I had a dream a couple weeks ago, in which I was sitting at a large table with many people of many ethnicity.  (Dream analysts will often say that the people in your dreams are actually aspects of yourself.)   To my right was a wise woman, dressed like a hindu.  Across from her was a young woman.  The young woman was troubled.  She had a big problem.  I asked the wise woman what the young woman should do.

The wise woman turned to the young woman and said:  “How low can you go?”

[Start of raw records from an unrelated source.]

(* For $\epsilon$ sufficiently small, let $\mathcal K[h]$ denote the solution of the transport problem (T) with $H=0$ and boundary data $h\in L^\infty(\{\sin\phi>0\})$. Then for any $0\le\beta\le1$, $$\|\mathrm e^{\beta\eta}\mathcal K[h]\|_{L^\infty}\le\|h\|_{L^\infty_+};\quad\text{in particular } \|\mathcal K[h]\|_{L^\infty}\le\|h\|_{L^\infty_+}.$$
   Context: Fix $0<n<\tfrac12$, $R_1,R_2>0$; for $0<\epsilon<1$ let $L=\epsilon^{-n}$ and $F(\eta,\psi)=-\epsilon\big(\frac{\sin^2\psi}{R_1-\epsilon\eta}+\frac{\cos^2\psi}{R_2-\epsilon\eta}\big)$. Transport problem (T) for $f(\eta,\phi,\psi)$ on $[0,L]\times[-\pi/2,\pi/2]\times[-\pi,\pi]$: $\sin\phi\,\partial_\eta f+F(\eta,\psi)\cos\phi\,\partial_\phi f+f=H(\eta,\phi,\psi)$, $f(0,\phi,\psi)=h(\phi,\psi)$ for $\sin\phi>0$, $f(L,\phi,\psi)=f(L,-\phi,\psi)$ (solved along characteristics). $\|\cdot\|_{L^\infty}$ is the essential sup over $[0,L]\times[-\pi/2,\pi/2]\times[-\pi,\pi]$ and $\|h\|_{L^\infty_+}$ the essential sup over $\{\sin\phi>0\}$. *)

theory Defs
  imports "HOL-Analysis.Analysis" "HOL-Probability.Essential_Supremum"
begin

definition Lcut :: "real \<Rightarrow> real \<Rightarrow> real" where
  "Lcut n eps = eps powr (-n)"

definition Fcoef :: "real \<Rightarrow> real \<Rightarrow> real \<Rightarrow> real \<Rightarrow> real \<Rightarrow> real" where
  "Fcoef R1 R2 eps eta psi =
     - eps * ((sin psi)^2 / (R1 - eps * eta) + (cos psi)^2 / (R2 - eps * eta))"

text \<open>G(eta,psi) = integral of F from 0 to eta.  Along a characteristic (psi fixed)
  d(cos phi)/d eta = - F cos phi, hence cos phi * exp (G eta psi) is conserved.\<close>
definition Gint :: "real \<Rightarrow> real \<Rightarrow> real \<Rightarrow> real \<Rightarrow> real \<Rightarrow> real" where
  "Gint R1 R2 eps eta psi = integral {0..eta} (\<lambda>y. Fcoef R1 R2 eps y psi)"

definition cchar :: "real \<Rightarrow> real \<Rightarrow> real \<Rightarrow> real \<Rightarrow> real \<Rightarrow> real \<Rightarrow> real" where
  "cchar R1 R2 eps eta phi psi = cos phi * exp (Gint R1 R2 eps eta psi)"

text \<open>Travel time (arclength parameter s, with d eta/ds = sin phi) along the characteristic
  with constant c between heights a \<le> b: integral of 1/|sin phi|, where
  |sin phi(y)| = sqrt (1 - (c * exp (- G y))^2).\<close>
definition ttime :: "real \<Rightarrow> real \<Rightarrow> real \<Rightarrow> real \<Rightarrow> real \<Rightarrow> real \<Rightarrow> real \<Rightarrow> real" where
  "ttime R1 R2 eps psi c a b =
     integral {a..b} (\<lambda>y. 1 / sqrt (1 - (c * exp (- Gint R1 R2 eps y psi))^2))"

text \<open>Highest point reached by the backward characteristic starting from height eta
  with sin phi \<le> 0: the turning point (where cos phi = 1) if it lies in [eta, L],
  otherwise the specular reflection wall L.\<close>
definition turnpt :: "real \<Rightarrow> real \<Rightarrow> real \<Rightarrow> real \<Rightarrow> real \<Rightarrow> real \<Rightarrow> real \<Rightarrow> real" where
  "turnpt n R1 R2 eps psi c eta =
     (if \<exists>y\<in>{eta..Lcut n eps}. c * exp (- Gint R1 R2 eps y psi) \<ge> 1
      then Inf {y\<in>{eta..Lcut n eps}. c * exp (- Gint R1 R2 eps y psi) \<ge> 1}
      else Lcut n eps)"

text \<open>K[h]: solution of (T) with H = 0 and inflow data h, obtained by following the
  characteristic backwards to eta = 0 (through the turning point or the
  reflection at eta = L) and multiplying by exp(-travel time).  At eta = 0 the
  incoming angle is arccos c, with sin > 0.\<close>
definition Ksol :: "real \<Rightarrow> real \<Rightarrow> real \<Rightarrow> real \<Rightarrow> (real \<times> real \<Rightarrow> real)
                    \<Rightarrow> real \<times> real \<times> real \<Rightarrow> real" where
  "Ksol n R1 R2 eps h = (\<lambda>(eta, phi, psi).
     (let c = cchar R1 R2 eps eta phi psi;
          phi0 = arccos c
      in if sin phi > 0
         then h (phi0, psi) * exp (- ttime R1 R2 eps psi c 0 eta)
         else (let m = turnpt n R1 R2 eps psi c eta in
               h (phi0, psi) * exp (- (ttime R1 R2 eps psi c 0 m + ttime R1 R2 eps psi c eta m)))))"

definition Dom :: "real \<Rightarrow> real \<Rightarrow> (real \<times> real \<times> real) set" where
  "Dom n eps = {0..Lcut n eps} \<times> {-pi/2..pi/2} \<times> {-pi..pi}"

definition Dplus :: "(real \<times> real) set" where
  "Dplus = {phi\<in>{-pi/2..pi/2}. sin phi > 0} \<times> {-pi..pi}"

end

theory Submission
  imports Defs
begin

text \<open>Along a characteristic the solution with H = 0 is the inflow value of h damped by exp (- s),
  where s is the arclength travelled backwards to the inflow boundary.  Since d eta / ds = sin phi
  has modulus at most 1, s is at least eta, hence at least beta eta, and so
  abs (exp (beta eta) K[h]) is bounded by abs h at the foot of the characteristic.  For small eps
  the primitive G of F is explicit and strictly decreasing on [0, L]; then cos phi grows at least
  linearly along a characteristic, so the travel time stays finite through a turning point.
  Passing to essential suprema requires K[h] to be measurable and the foot map to pull null sets
  back to null sets; away from phi = 0 the foot map is inverted by two differentiable maps.\<close>

section \<open>The explicit primitive of F\<close>

definition Gclosed :: "real \<Rightarrow> real \<Rightarrow> real \<Rightarrow> real \<Rightarrow> real \<Rightarrow> real" where
  "Gclosed R1 R2 eps y psi = (sin psi)^2 * ln (1 - eps * y / R1) + (cos psi)^2 * ln (1 - eps * y / R2)"

lemma Gclosed_measurable [measurable]:
  assumes [measurable]: "f \<in> borel_measurable M" "g \<in> borel_measurable M"
  shows "(\<lambda>x. Gclosed R1 R2 eps (f x) (g x)) \<in> borel_measurable M"
  unfolding Gclosed_def by measurable

lemma Gclosed_has_real_derivative:
  assumes "0 < R1" "0 < R2" "eps * y < R1" "eps * y < R2"
  shows "((\<lambda>y. Gclosed R1 R2 eps y psi) has_real_derivative Fcoef R1 R2 eps y psi) (at y within S)"
proof -
  have pos: "0 < 1 - eps * y / R1" "0 < 1 - eps * y / R2"
    using assms by (auto simp: field_simps)
  have "((\<lambda>y. Gclosed R1 R2 eps y psi) has_real_derivative
      (sin psi)^2 * (- (eps / R1) / (1 - eps * y / R1)) + (cos psi)^2 * (- (eps / R2) / (1 - eps * y / R2)))
      (at y within S)"
    unfolding Gclosed_def using pos assms(1,2) by (auto intro!: derivative_eq_intros simp: algebra_simps)
  moreover have "(sin psi)^2 * (- (eps / R1) / (1 - eps * y / R1)) + (cos psi)^2 * (- (eps / R2) / (1 - eps * y / R2))
      = Fcoef R1 R2 eps y psi"
    unfolding Fcoef_def using assms pos by (auto simp: field_simps)
  ultimately show ?thesis by simp
qed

The young woman’s pupils got wider and wider, until her brown irises were just rings around deep pools.  The irises began to spin, and her irises were flames, and I began to be afraid.  I began to breathe deeply to calm myself, and to let it happen.  I watched as the woman’s eyes spun around unknowable depths, and I knew she was changing, that she receiving and internalizing the transmission of great wisdom, which knows no words.